6. Command-line Options and Typed Variables

Contents:
Command-line Options
Integer Variables and Arithmetic
Arrays

You should have a healthy grasp of shell programming techniques now that you have gone through the previous chapters. What you have learned up to this point enables you to write many nontrivial, useful shell scripts and functions.

Still, you may have noticed some remaining gaps in the knowledge you need to write shell code that behaves like the UNIX commands you are used to. In particular, if you are an experienced UNIX user, it might have occurred to you that none of the example scripts shown so far have the ability to handle options (preceded by a dash (-)) on the command line. And if you program in a conventional language like C or Pascal, you will have noticed that the only type of data that we have seen in shell variables is character strings; we haven't seen how to do arithmetic, for example.

These capabilities are certainly crucial to the shell's ability to function as a useful UNIX programming language. In this chapter, we will show how the Korn shell supports these and related features.

6.1 Command-line Options

We have already seen many examples of the positional parameters (variables called 1, 2, 3, etc.) that the shell uses to store the command-line arguments to a shell script or function when it runs. We have also seen related variables like * (for the string of all arguments) and # (for the number of arguments).

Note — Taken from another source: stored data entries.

text \<open>With z = M y the form at y + r z is 2 r |z|^2 + r^2 <M z, z>, which is negative for
  small r < 0 unless z = 0.\<close>
lemma pos_mat_definite:
  assumes pos: "pos_mat M" and inv: "invertible M" and zero: "inner (M *v y) y = 0"
  shows "y = 0"
proof -
  define z where "z = M *v y"
  have cross: "inner (M *v z) y = inner z z"
    using hermitian_mat_inner[OF pos_mat_hermitian[OF pos], of z y]
    by (simp add: z_def inner_commute)
  have "0 \<le> inner (M *v (y + r *\<^sub>R z)) (y + r *\<^sub>R z)" for r
    by (rule pos_mat_inner_nonneg[OF pos])
  then have quadratic: "0 \<le> 2 * r * inner z z + r\<^sup>2 * inner (M *v z) z" for r
    using zero cross
    by (simp add: matrix_vector_right_distrib matrix_vector_mult_scaleR_complex inner_add_left
        inner_add_right inner_commute[of y] z_def[symmetric] power2_eq_square algebra_simps)
  then have "inner z z \<le> s * (inner (M *v z) z / 2)" if "0 < s" for s
  proof -
    have "s * (2 * inner z z) \<le> s * (s * inner (M *v z) z)"
      using quadratic[of "- s"]
      by (simp add: power2_eq_square algebra_simps)
    then show ?thesis
      using that by simp
  qed
  then have "inner z z \<le> 0"
    by (rule nonpos_if_le_scaled)
  then have "z = 0"
    by (metis inner_eq_zero_iff inner_ge_zero order_antisym)
  then show ?thesis
    using inj_matrix_vector_mult[OF inv] unfolding z_def by (metis injD matrix_vector_mult_0_right)
qed

text \<open>Both sides are the trace of X a X^*.\<close>
lemma sum_cinner_columns_eq_rows:
  fixes X a :: "complex^'n^'n"
  shows "(\<Sum>i\<in>UNIV. cinner (X *v (a *v axis i 1)) (X *v axis i 1)) =
         (\<Sum>j\<in>UNIV. cinner (a *v (\<chi> i. cnj (X$j$i))) (\<chi> i. cnj (X$j$i)))"
proof -
  have "(\<Sum>i\<in>UNIV. cinner (X *v (a *v axis i 1)) (X *v axis i 1)) =
        (\<Sum>i\<in>UNIV. \<Sum>j\<in>UNIV. \<Sum>k\<in>UNIV. X$j$k * a$k$i * cnj (X$j$i))"
    unfolding cinner_def matrix_vector_mult_axis
    by (simp add: matrix_vector_mult_def[of X] matrix_vector_mult_axis sum_distrib_right)
  also have "\<dots> = (\<Sum>j\<in>UNIV. \<Sum>i\<in>UNIV. \<Sum>k\<in>UNIV. X$j$k * a$k$i * cnj (X$j$i))"
    by (rule sum.swap)
  also have "\<dots> = (\<Sum>j\<in>UNIV. \<Sum>k\<in>UNIV. \<Sum>i\<in>UNIV. X$j$k * a$k$i * cnj (X$j$i))"
    by (rule sum.cong[OF refl], rule sum.swap)
  also have "\<dots> = (\<Sum>j\<in>UNIV. cinner (a *v (\<chi> i. cnj (X$j$i))) (\<chi> i. cnj (X$j$i)))"
    by (simp add: cinner_def matrix_vector_mult_def sum_distrib_right sum_distrib_left mult_ac)
  finally show ?thesis .
qed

Indeed, these variables hold all of the information on the user's command-line. But consider what happens when options are involved. Typical UNIX commands have the form command [-options]args, meaning that there can be 0 or more options. If a shell script processes the command fred bob pete, then $1 is "bob" and $2 is "pete". But if the command is fred -o bob pete, then $1 is -o, $2 is "bob", and $3 is "pete".

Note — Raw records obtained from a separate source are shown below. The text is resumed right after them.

lemma integrable_std_gaussian_abs_coordinate_power:
  fixes c :: "'a::euclidean_space"
  assumes "c \<in> Basis"
  shows "integrable std_gaussian (\<lambda>x. \<bar>x \<bullet> c\<bar> ^ k)"
proof -
  define F where "F b = (\<lambda>t. std_normal_density t * (if b = c then \<bar>t\<bar> ^ k else 1))" for b
  have "(\<Prod>b\<in>Basis. std_normal_density (x \<bullet> b)) * \<bar>x \<bullet> c\<bar> ^ k
      = (\<Prod>b\<in>Basis. F b (x \<bullet> b))" for x :: 'a
    using assms by (simp add: F_def prod.distrib)
  moreover have "integrable lborel (\<lambda>x::'a. \<Prod>b\<in>Basis. F b (x \<bullet> b))"
  proof (rule integrable_lborel_prod)
    show "integrable lborel (F b)" for b
      using integrable_std_normal_moment_abs[of 0] integrable_std_normal_moment_abs[of k]
      by (cases "b = c") (simp_all add: F_def)
  qed (simp add: F_def)
  ultimately show ?thesis
    unfolding std_gaussian_eq_density_prod
    by (subst integrable_density) (auto simp: prod_nonneg)
qed

lemma integrable_std_gaussian_norm_square:
  "integrable std_gaussian (\<lambda>x::'a::euclidean_space. (norm x)\<^sup>2)"
proof -
  have "integrable std_gaussian (\<lambda>x::'a. \<Sum>b\<in>Basis. \<bar>x \<bullet> b\<bar> ^ 2)"
    by (intro Bochner_Integration.integrable_sum integrable_std_gaussian_abs_coordinate_power)
  then show ?thesis
    by (simp add: norm_square_eq_sum_inner_Basis)
qed

lemma integrable_std_gaussian_inner_square:
  "integrable std_gaussian (\<lambda>x::'a::euclidean_space. (v \<bullet> x)\<^sup>2)"
proof (rule Bochner_Integration.integrable_bound)
  show "integrable std_gaussian (\<lambda>x::'a. (norm v)\<^sup>2 * (norm x)\<^sup>2)"
    by (intro integrable_mult_right integrable_std_gaussian_norm_square)
  show "(\<lambda>x. (v \<bullet> x)\<^sup>2) \<in> borel_measurable std_gaussian"
    by measurable
  show "AE x in std_gaussian. norm ((v \<bullet> x)\<^sup>2) \<le> norm ((norm v)\<^sup>2 * (norm x)\<^sup>2)"
  proof (rule AE_I2)
    fix x
    have "\<bar>v \<bullet> x\<bar> \<le> \<bar>norm v * norm x\<bar>"
      using Cauchy_Schwarz_ineq2 by simp
    then have "(v \<bullet> x)\<^sup>2 \<le> (norm v * norm x)\<^sup>2"
      by (simp only: abs_le_square_iff)
    then show "norm ((v \<bullet> x)\<^sup>2) \<le> norm ((norm v)\<^sup>2 * (norm x)\<^sup>2)"
      by (simp add: power_mult_distrib)
  qed
qed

You might think you could write code like this to handle it:

if [[ $1 = -o ]]; then
    code that processes the -o option
    1=$2
    2=$3
fi

normal processing of $1 and $2...

But this code has several problems. First, assignments like 1=$2 are illegal because positional parameters are read-only. Even if they were legal, another problem is that this kind of code imposes limitations on how many arguments the script can handle-which is very unwise. Furthermore, if this command had several possible options, the code to handle all of them would get very messy very quickly.

6.1.1 shift

Luckily, the shell provides a way around this problem. The command shift performs the function of:

1=$2
2=$3
...

for every argument, regardless of how many there are. If you supply a numeric argument to shift, it will shift the arguments that many times over; for example, shift 3 has this effect:

1=$4
2=$5
...

This leads immediately to some code that handles a single option (call it -o) and arbitrarily many arguments:

if [[ $1 = -o ]]; then
    process the -o option
    shift
fi

normal processing of arguments...

After the if construct, $1, $2, etc., are set to the correct arguments.

We can use shift together with the programming features we have seen so far to implement simple option schemes. However, we will need additional help when things get more complex. The getopts built-in command, which we will introduce later, provides this help.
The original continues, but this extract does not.